What’s Next: IndyGo. Please. An out-of-state competitor has been promising to deliver these features for years.
What: A 2013 startup that posts ads at the bottom of email signatures, a space few other companies are exploring.
Why: The Scott Dorsey–led firm High Alpha backs Sigstr, which claims an average office worker sends 10,000 emails a year—a staggering number of missed opportunities to talk to a targeted audience.
What’s Next: Growing fast enough to fill this niche before the few overseas competitors they do have inspire others here.
What: A content-recommendation startup that has gotten you to click on hundreds of “Articles You Might Also Like.”
Why: Mark Cuban invested early in the 2012-founded ZergNet, which now has 40 million visitors every month.
What’s Next: After running for years on venture capital, ZergNet began charging publishers to promote their content last summer.
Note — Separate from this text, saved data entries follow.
(* Let $k$ be a commutative ring containing $1/2$, let $R$ be a smooth commutative $k$-algebra such that $\mathrm{Der}_k(R)$ is free with a basis $\tau_1,\dots,\tau_n$ of pairwise commuting derivations, and let $g=(g^{ij})\in GL_n(R)$ be such that the derivations $\tau'_i=g^{ij}\tau_j$ pairwise commute. Let $A=(g^{-1})^{t}$, i.e. $A^{\alpha\beta}=(g^{-1})^{\beta\alpha}$ (the matrix expressing the basis of $1$-forms dual to $(\tau'_i)$ in terms of the basis dual to $(\tau_i)$). With summation over repeated indices define $$h_\Omega^{ij}=\tau_p\tau_j(g^{ip})+\tfrac12\,\tau_q(g^{ip})\,\tau_p(g^{rq})\,(g^{-1})^{jr},$$ $$g^{i\alpha\gamma}=g^{iq}\tau_q\big((A^{-1})^{\alpha\mu}\big)A^{\mu\gamma},\qquad h_E^{ij}=\tau_j(g^{i\nu\nu})+\tfrac12\,g^{iq}\tau_j\big((A^{-1})^{\mu\beta}\big)A^{\beta\gamma}\tau_q\big((A^{-1})^{\gamma\nu}\big)A^{\nu\mu}.$$ Then $h^{ij}:=h_\Omega^{ij}-h_E^{ij}=0$ for all $i,j$.
   Context: $(g^{-1})^{jr}$ is the $(j,r)$ entry of $g^{-1}$. Repeated indices are summed. *)

theory Defs
  imports "HOL-Analysis.Analysis"
begin

text \<open>Structure map of a k-algebra: a unital ring homomorphism phi from k to R.\<close>
definition ring_hom_map :: "('k::comm_ring_1 \<Rightarrow> 'r::comm_ring_1) \<Rightarrow> bool" where
  "ring_hom_map phi \<longleftrightarrow> phi 1 = 1 \<and> (\<forall>a b. phi (a + b) = phi a + phi b)
     \<and> (\<forall>a b. phi (a * b) = phi a * phi b)"

definition is_k_derivation :: "('k::comm_ring_1 \<Rightarrow> 'r::comm_ring_1) \<Rightarrow> ('r \<Rightarrow> 'r) \<Rightarrow> bool" where
  "is_k_derivation phi D \<longleftrightarrow>
     (\<forall>x y. D (x + y) = D x + D y) \<and>
     (\<forall>c x. D (phi c * x) = phi c * D x) \<and>
     (\<forall>x y. D (x * y) = x * D y + y * D x)"

definition is_der_basis :: "('k::comm_ring_1 \<Rightarrow> 'r::comm_ring_1) \<Rightarrow> ('n::finite \<Rightarrow> 'r \<Rightarrow> 'r) \<Rightarrow> bool" where
  "is_der_basis phi tau \<longleftrightarrow>
     (\<forall>i. is_k_derivation phi (tau i)) \<and>
     (\<forall>D. is_k_derivation phi D \<longrightarrow> (\<exists>!c::'n \<Rightarrow> 'r. D = (\<lambda>x. \<Sum>j\<in>UNIV. c j * tau j x)))"

definition pairwise_commuting :: "('n \<Rightarrow> 'r \<Rightarrow> 'r) \<Rightarrow> bool" where
  "pairwise_commuting tau \<longleftrightarrow> (\<forall>i j. tau i \<circ> tau j = tau j \<circ> tau i)"

definition new_ders :: "'r::comm_ring_1^'n::finite^'n \<Rightarrow> ('n \<Rightarrow> 'r \<Rightarrow> 'r) \<Rightarrow> 'n \<Rightarrow> 'r \<Rightarrow> 'r" where
  "new_ders g tau i = (\<lambda>x. \<Sum>j\<in>UNIV. g$i$j * tau j x)"

definition Amat :: "'r::comm_ring_1^'n::finite^'n \<Rightarrow> 'r^'n^'n" where
  "Amat g = transpose (matrix_inv g)"

definition h_Omega :: "('n::finite \<Rightarrow> 'r::comm_ring_1 \<Rightarrow> 'r) \<Rightarrow> 'r^'n^'n \<Rightarrow> 'r \<Rightarrow> 'n \<Rightarrow> 'n \<Rightarrow> 'r" where
  "h_Omega tau g half i j =
     (\<Sum>p\<in>UNIV. tau p (tau j (g$i$p))) +
     half * (\<Sum>q\<in>UNIV. \<Sum>p\<in>UNIV. \<Sum>r\<in>UNIV. tau q (g$i$p) * tau p (g$r$q) * (matrix_inv g)$j$r)"

definition g3 :: "('n::finite \<Rightarrow> 'r::comm_ring_1 \<Rightarrow> 'r) \<Rightarrow> 'r^'n^'n \<Rightarrow> 'n \<Rightarrow> 'n \<Rightarrow> 'n \<Rightarrow> 'r" where
  "g3 tau g i \<alpha> \<gamma> =
     (\<Sum>q\<in>UNIV. \<Sum>\<mu>\<in>UNIV. g$i$q * tau q ((matrix_inv (Amat g))$\<alpha>$\<mu>) * (Amat g)$\<mu>$\<gamma>)"

definition h_E :: "('n::finite \<Rightarrow> 'r::comm_ring_1 \<Rightarrow> 'r) \<Rightarrow> 'r^'n^'n \<Rightarrow> 'r \<Rightarrow> 'n \<Rightarrow> 'n \<Rightarrow> 'r" where
  "h_E tau g half i j =
     (\<Sum>\<nu>\<in>UNIV. tau j (g3 tau g i \<nu> \<nu>)) +
     half * (\<Sum>q\<in>UNIV. \<Sum>\<mu>\<in>UNIV. \<Sum>\<beta>\<in>UNIV. \<Sum>\<gamma>\<in>UNIV. \<Sum>\<nu>\<in>UNIV.
        g$i$q * tau j ((matrix_inv (Amat g))$\<mu>$\<beta>) * (Amat g)$\<beta>$\<gamma>
          * tau q ((matrix_inv (Amat g))$\<gamma>$\<nu>) * (Amat g)$\<nu>$\<mu>)"

end

theory Submission
  imports Defs
begin

text \<open>Because the tau_q commute, the commutator of tau'_a = g^{aq} tau_q and tau'_b is the
  derivation (tau'_a(g^{bj}) - tau'_b(g^{aj})) tau_j, so, the tau_j being a basis, commutation of the
  tau' means that tau'_a(g^{bj}) is symmetric in a and b. Inverting, tau_p = (g^-1)^{pa} tau'_a, this
  symmetry turns g^{i alpha gamma} into tau_gamma(g^{i alpha}) (recall A^-1 = g^t) and makes
  (g^-1)^{jr} tau_p(g^{rq}) symmetric in j and p. Hence the second-order terms of h_Omega and h_E
  both equal tau_p tau_j(g^{ip}), and both quadratic terms equal tau_q(g^{ip}) (g^-1)^{pr} tau_j(g^{rq}).\<close>

lemma additive_sum:
  fixes D :: "'a::ab_group_add \<Rightarrow> 'b::ab_group_add"
  assumes add: "\<And>x y. D (x + y) = D x + D y"
  shows "D (\<Sum>x\<in>A. f x) = (\<Sum>x\<in>A. D (f x))"
proof -
  have "D 0 = 0" using add[of 0 0] by simp
  then show ?thesis
    using sum_comp_morphism[of D f A, OF _ add] by (simp add: comp_def)
qed

lemma new_ders_comp:
  fixes tau :: "'n::finite \<Rightarrow> 'r::comm_ring_1 \<Rightarrow> 'r"
  assumes add: "\<And>i x y. tau i (x + y) = tau i x + tau i y"
    and leibniz: "\<And>i x y. tau i (x * y) = x * tau i y + y * tau i x"
  shows "new_ders g tau a (new_ders g tau b x)
    = (\<Sum>i\<in>UNIV. \<Sum>j\<in>UNIV. g$a$i * g$b$j * tau i (tau j x))
      + (\<Sum>j\<in>UNIV. new_ders g tau a (g$b$j) * tau j x)"
proof -
  have tau_sum: "tau i (\<Sum>j\<in>A. f j) = (\<Sum>j\<in>A. tau i (f j))" for i f and A :: "'n set"
    using add by (rule additive_sum)
  have "new_ders g tau a (new_ders g tau b x)
      = (\<Sum>i\<in>UNIV. \<Sum>j\<in>UNIV. g$a$i * (g$b$j * tau i (tau j x) + tau j x * tau i (g$b$j)))"
    by (simp add: new_ders_def tau_sum leibniz sum_distrib_left)
  also have "\<dots> = (\<Sum>i\<in>UNIV. \<Sum>j\<in>UNIV. g$a$i * g$b$j * tau i (tau j x))
      + (\<Sum>j\<in>UNIV. \<Sum>i\<in>UNIV. g$a$i * tau i (g$b$j) * tau j x)"
    by (subst (2) sum.swap) (simp add: distrib_left sum.distrib mult_ac)
  finally show ?thesis
    by (simp add: new_ders_def sum_distrib_right)
qed

lemma new_ders_commutator:
  fixes tau :: "'n::finite \<Rightarrow> 'r::comm_ring_1 \<Rightarrow> 'r"
  assumes add: "\<And>i x y. tau i (x + y) = tau i x + tau i y"
    and leibniz: "\<And>i x y. tau i (x * y) = x * tau i y + y * tau i x"
    and comm: "pairwise_commuting tau"
  shows "new_ders g tau a (new_ders g tau b x) - new_ders g tau b (new_ders g tau a x)
    = (\<Sum>j\<in>UNIV. (new_ders g tau a (g$b$j) - new_ders g tau b (g$a$j)) * tau j x)"
proof -
  have "tau i (tau j x) = tau j (tau i x)" for i j
    using comm by (metis pairwise_commuting_def comp_apply)
  then have "(\<Sum>i\<in>UNIV. \<Sum>j\<in>UNIV. g$a$i * g$b$j * tau i (tau j x))
      = (\<Sum>i\<in>UNIV. \<Sum>j\<in>UNIV. g$b$i * g$a$j * tau i (tau j x))"
    by (subst sum.swap) (simp add: mult_ac)
  then show ?thesis
    by (simp add: new_ders_comp[OF add leibniz] left_diff_distrib sum_subtractf)
qed

lemma der_basis_coeffs_zero:
  assumes basis: "is_der_basis phi tau"
    and zero: "\<And>x. (\<Sum>j\<in>UNIV. c j * tau j x) = 0"
  shows "c = (\<lambda>_. 0)"
proof -
  have "is_k_derivation phi (\<lambda>x. 0)"
    unfolding is_k_derivation_def by simp
  moreover have "\<forall>D. is_k_derivation phi D \<longrightarrow> (\<exists>!c. D = (\<lambda>x. \<Sum>j\<in>UNIV. c j * tau j x))"
    using basis unfolding is_der_basis_def by (rule conjunct2)
  ultimately have "\<exists>!c. (\<lambda>x. 0) = (\<lambda>x. \<Sum>j\<in>UNIV. c j * tau j x)"
    by blast
  then obtain c0 where unique: "\<And>c'. (\<lambda>x. 0) = (\<lambda>x. \<Sum>j\<in>UNIV. c' j * tau j x) \<Longrightarrow> c' = c0"
    by (elim ex1E) blast
  have "c = c0"
    using zero by (intro unique) simp
  moreover have "(\<lambda>_. 0) = c0"
    by (intro unique) simp
  ultimately show ?thesis
    by simp
qed

lemma new_ders_symmetric:
  assumes basis: "is_der_basis phi tau"
    and comm: "pairwise_commuting tau"
    and comm': "pairwise_commuting (new_ders g tau)"
  shows "new_ders g tau a (g$b$j) = new_ders g tau b (g$a$j)"
proof -
  have add: "tau i (x + y) = tau i x + tau i y"
    and leibniz: "tau i (x * y) = x * tau i y + y * tau i x" for i x y
    using basis unfolding is_der_basis_def is_k_derivation_def by blast+
  have "new_ders g tau a (new_ders g tau b x) = new_ders g tau b (new_ders g tau a x)" for x
    using comm' unfolding pairwise_commuting_def by (metis comp_apply)
  then have "(\<Sum>j\<in>UNIV. (new_ders g tau a (g$b$j) - new_ders g tau b (g$a$j)) * tau j x) = 0" for x
    using new_ders_commutator[OF add leibniz comm, of g a b x] by simp
  then have "(\<lambda>j. new_ders g tau a (g$b$j) - new_ders g tau b (g$a$j)) = (\<lambda>_. 0)"
    by (rule der_basis_coeffs_zero[OF basis])
  then show ?thesis
    by (metis right_minus_eq)
qed

lemma matrix_inv_left_right:
  fixes A :: "'a::semiring_1^'n^'m"
  assumes "invertible A"
  shows "A ** matrix_inv A = mat 1" and "matrix_inv A ** A = mat 1"
  using someI_ex[OF assms[unfolded invertible_def]] unfolding matrix_inv_def by auto

lemma matrix_inv_unique:
  fixes A :: "'a::semiring_1^'n^'m" and B :: "'a^'m^'n"
  assumes AB: "A ** B = mat 1" and BA: "B ** A = mat 1"
  shows "matrix_inv A = B"
proof -
  have "invertible A"
    using AB BA unfolding invertible_def by blast
  have "matrix_inv A = matrix_inv A ** (A ** B)"
    by (simp add: AB)
  also have "\<dots> = (matrix_inv A ** A) ** B"
    by (rule matrix_mul_assoc)
  also have "\<dots> = B"
    by (simp add: matrix_inv_left_right(2)[OF \<open>invertible A\<close>])
  finally show ?thesis .
qed

lemma Amat_inverse:
  fixes g :: "'r::comm_ring_1^'n::finite^'n"
  assumes "invertible g"
  shows "matrix_inv (Amat g) = transpose g"
  unfolding Amat_def
  by (rule matrix_inv_unique)
    (simp_all add: matrix_transpose_mul[symmetric] matrix_inv_left_right[OF assms])

lemma new_ders_left_inverse:
  fixes g G :: "'r::comm_ring_1^'n::finite^'n"
  assumes "G ** g = mat 1"
  shows "(\<Sum>a\<in>UNIV. G$p$a * new_ders g tau a x) = tau p x"
proof -
  have "(\<Sum>a\<in>UNIV. G$p$a * new_ders g tau a x) = (G *v (g *v (\<chi> j. tau j x)))$p"
    by (simp add: new_ders_def matrix_vector_mult_def)
  also have "\<dots> = tau p x"
    by (simp add: matrix_vector_mul_assoc assms)
  finally show ?thesis .
qed

lemma g3_eq_tau:
  fixes g :: "'r::comm_ring_1^'n::finite^'n"
  assumes inv: "invertible g"
    and sym: "\<And>a b k. new_ders g tau a (g$b$k) = new_ders g tau b (g$a$k)"
  shows "g3 tau g i \<alpha> \<gamma> = tau \<gamma> (g$i$\<alpha>)"
proof -
  have "g3 tau g i \<alpha> \<gamma> = (\<Sum>\<mu>\<in>UNIV. matrix_inv g$\<gamma>$\<mu> * new_ders g tau i (g$\<mu>$\<alpha>))"
    unfolding g3_def Amat_inverse[OF inv]
    by (simp add: Amat_def transpose_def new_ders_def sum_distrib_left sum_distrib_right mult_ac)
      (rule sum.swap)
  also have "\<dots> = (\<Sum>\<mu>\<in>UNIV. matrix_inv g$\<gamma>$\<mu> * new_ders g tau \<mu> (g$i$\<alpha>))"
    by (simp add: sym[of i])
  also have "\<dots> = tau \<gamma> (g$i$\<alpha>)"
    by (rule new_ders_left_inverse[OF matrix_inv_left_right(2)[OF inv]])
  finally show ?thesis .
qed

lemma inverse_derivative_symmetric:
  fixes g G :: "'r::comm_ring_1^'n::finite^'n"
  assumes inv: "G ** g = mat 1"
    and sym: "\<And>a b k. new_ders g tau a (g$b$k) = new_ders g tau b (g$a$k)"
  shows "(\<Sum>r\<in>UNIV. G$j$r * tau p (g$r$q)) = (\<Sum>r\<in>UNIV. G$p$r * tau j (g$r$q))"
proof -
  have "tau p (g$r$q) = (\<Sum>a\<in>UNIV. G$p$a * new_ders g tau r (g$a$q))" for r
    using new_ders_left_inverse[OF inv, of p tau "g$r$q"] by (simp add: sym[of _ r])
  then have "(\<Sum>r\<in>UNIV. G$j$r * tau p (g$r$q))
      = (\<Sum>a\<in>UNIV. G$p$a * (\<Sum>r\<in>UNIV. G$j$r * new_ders g tau r (g$a$q)))"
    by (simp add: sum_distrib_left mult_ac) (rule sum.swap)
  also have "\<dots> = (\<Sum>a\<in>UNIV. G$p$a * tau j (g$a$q))"
    by (simp add: new_ders_left_inverse[OF inv])
  finally show ?thesis .
qed

lemma h_E_via_g3:
  "h_E tau g half i j = (\<Sum>\<nu>\<in>UNIV. tau j (g3 tau g i \<nu> \<nu>))
     + half * (\<Sum>\<mu>\<in>UNIV. \<Sum>\<beta>\<in>UNIV. \<Sum>\<gamma>\<in>UNIV.
         tau j (matrix_inv (Amat g)$\<mu>$\<beta>) * Amat g$\<beta>$\<gamma> * g3 tau g i \<gamma> \<mu>)"
proof -
  let ?B = "matrix_inv (Amat g)" and ?A = "Amat g"
  have "(\<Sum>q\<in>UNIV. \<Sum>\<mu>\<in>UNIV. \<Sum>\<beta>\<in>UNIV. \<Sum>\<gamma>\<in>UNIV. \<Sum>\<nu>\<in>UNIV.
          g$i$q * tau j (?B$\<mu>$\<beta>) * ?A$\<beta>$\<gamma> * tau q (?B$\<gamma>$\<nu>) * ?A$\<nu>$\<mu>)
      = (\<Sum>\<mu>\<in>UNIV. \<Sum>\<beta>\<in>UNIV. \<Sum>\<gamma>\<in>UNIV. tau j (?B$\<mu>$\<beta>) * ?A$\<beta>$\<gamma> * g3 tau g i \<gamma> \<mu>)"
    by (subst sum.swap, rule sum.cong[OF refl], subst sum.swap, rule sum.cong[OF refl],
        subst sum.swap, rule sum.cong[OF refl])
      (simp add: g3_def sum_distrib_left mult_ac)
  then show ?thesis
    by (simp add: h_E_def)
qed

lemma h_Omega_eq:
  fixes g :: "'r::comm_ring_1^'n::finite^'n"
  assumes inv: "invertible g"
    and sym: "\<And>a b k. new_ders g tau a (g$b$k) = new_ders g tau b (g$a$k)"
  shows "h_Omega tau g half i j = (\<Sum>p\<in>UNIV. tau p (tau j (g$i$p)))
    + half * (\<Sum>q\<in>UNIV. \<Sum>p\<in>UNIV. tau q (g$i$p) * (\<Sum>r\<in>UNIV. matrix_inv g$p$r * tau j (g$r$q)))"
proof -
  let ?G = "matrix_inv g"
  have "(\<Sum>q\<in>UNIV. \<Sum>p\<in>UNIV. \<Sum>r\<in>UNIV. tau q (g$i$p) * tau p (g$r$q) * ?G$j$r)
      = (\<Sum>q\<in>UNIV. \<Sum>p\<in>UNIV. tau q (g$i$p) * (\<Sum>r\<in>UNIV. ?G$j$r * tau p (g$r$q)))"
    by (simp add: sum_distrib_left mult_ac)
  also have "\<dots> = (\<Sum>q\<in>UNIV. \<Sum>p\<in>UNIV. tau q (g$i$p) * (\<Sum>r\<in>UNIV. ?G$p$r * tau j (g$r$q)))"
    by (simp add: inverse_derivative_symmetric[OF matrix_inv_left_right(2)[OF inv] sym, of j])
  finally show ?thesis
    by (simp add: h_Omega_def)
qed

lemma h_E_eq:
  fixes g :: "'r::comm_ring_1^'n::finite^'n"
  assumes inv: "invertible g"
    and sym: "\<And>a b k. new_ders g tau a (g$b$k) = new_ders g tau b (g$a$k)"
    and comm: "pairwise_commuting tau"
  shows "h_E tau g half i j = (\<Sum>p\<in>UNIV. tau p (tau j (g$i$p)))
    + half * (\<Sum>q\<in>UNIV. \<Sum>p\<in>UNIV. tau q (g$i$p) * (\<Sum>r\<in>UNIV. matrix_inv g$p$r * tau j (g$r$q)))"
proof -
  let ?G = "matrix_inv g"
  have tau_comm: "tau j (tau p x) = tau p (tau j x)" for p x
    using comm unfolding pairwise_commuting_def by (metis comp_apply)
  have "(\<Sum>\<mu>\<in>UNIV. \<Sum>\<beta>\<in>UNIV. \<Sum>\<gamma>\<in>UNIV. tau j (g$\<beta>$\<mu>) * ?G$\<gamma>$\<beta> * tau \<mu> (g$i$\<gamma>))
      = (\<Sum>\<mu>\<in>UNIV. \<Sum>\<gamma>\<in>UNIV. \<Sum>\<beta>\<in>UNIV. tau j (g$\<beta>$\<mu>) * ?G$\<gamma>$\<beta> * tau \<mu> (g$i$\<gamma>))"
    by (rule sum.cong[OF refl], rule sum.swap)
  also have "\<dots> = (\<Sum>q\<in>UNIV. \<Sum>p\<in>UNIV. tau q (g$i$p) * (\<Sum>r\<in>UNIV. ?G$p$r * tau j (g$r$q)))"
    by (simp add: sum_distrib_left mult_ac)
  finally show ?thesis
    unfolding h_E_via_g3 Amat_inverse[OF inv]
    by (simp add: g3_eq_tau[OF inv sym] Amat_def transpose_def tau_comm)
qed

theorem theorem6p4:
  fixes phi :: "'k::comm_ring_1 \<Rightarrow> 'r::comm_ring_1"
    and tau :: "'n::finite \<Rightarrow> 'r \<Rightarrow> 'r"
    and g :: "'r^'n^'n"
    and half :: 'k
  assumes half: "2 * half = 1"
    and hom: "ring_hom_map phi"
    and basis: "is_der_basis phi tau"
    and comm: "pairwise_commuting tau"
    and ginv: "invertible g"
    and comm': "pairwise_commuting (new_ders g tau)"
  shows "\<forall>i j. h_Omega tau g (phi half) i j - h_E tau g (phi half) i j = 0"
proof -
  have sym: "new_ders g tau a (g$b$k) = new_ders g tau b (g$a$k)" for a b k
    by (rule new_ders_symmetric[OF basis comm comm'])
  show ?thesis
    by (simp add: h_Omega_eq[OF ginv sym] h_E_eq[OF ginv sym comm])
qed

end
Convincing clients to pay for traffic they once got for free will be the challenge.
What: A job-training software company cooked up by 27-year-old Max Yoder in 2012.
Why: With clients such as Lyft and Angie’s List, Lesson.ly’s revenue grew 850 percent last year. And it’s the only business in Indy with all three ExactTarget founders as investors.
What’s Next: Lesson.ly needs to double its current staff of 20 this year in order to meet the 400 percent revenue growth it has promised investors.
What: A company formed last year that licenses the recipes of food trucks, prepares them, and delivers them to customers who order online.
Why: Owner Chris Baggott says it will be a billion-dollar company, and having co-founded ExactTarget, he knows something about those.
What’s Next: Bringing it to market. Software is still in the pre-launch stage, and the business is building its first kitchen on the corner of Pennsylvania and St. Clair streets.
And if we do say so ourselves…
What: An FM radio app that Emmis Communications (which owns Indianapolis Monthly) launched in 2013 hoping to transform the struggling radio industry.
Why: Since AT&T, Sprint, and T-Mobile agreed to turn on the FM chip present in every Android smartphone in the country, 5 million people have downloaded the interactive app, which uses a fraction of the wireless data that streaming does.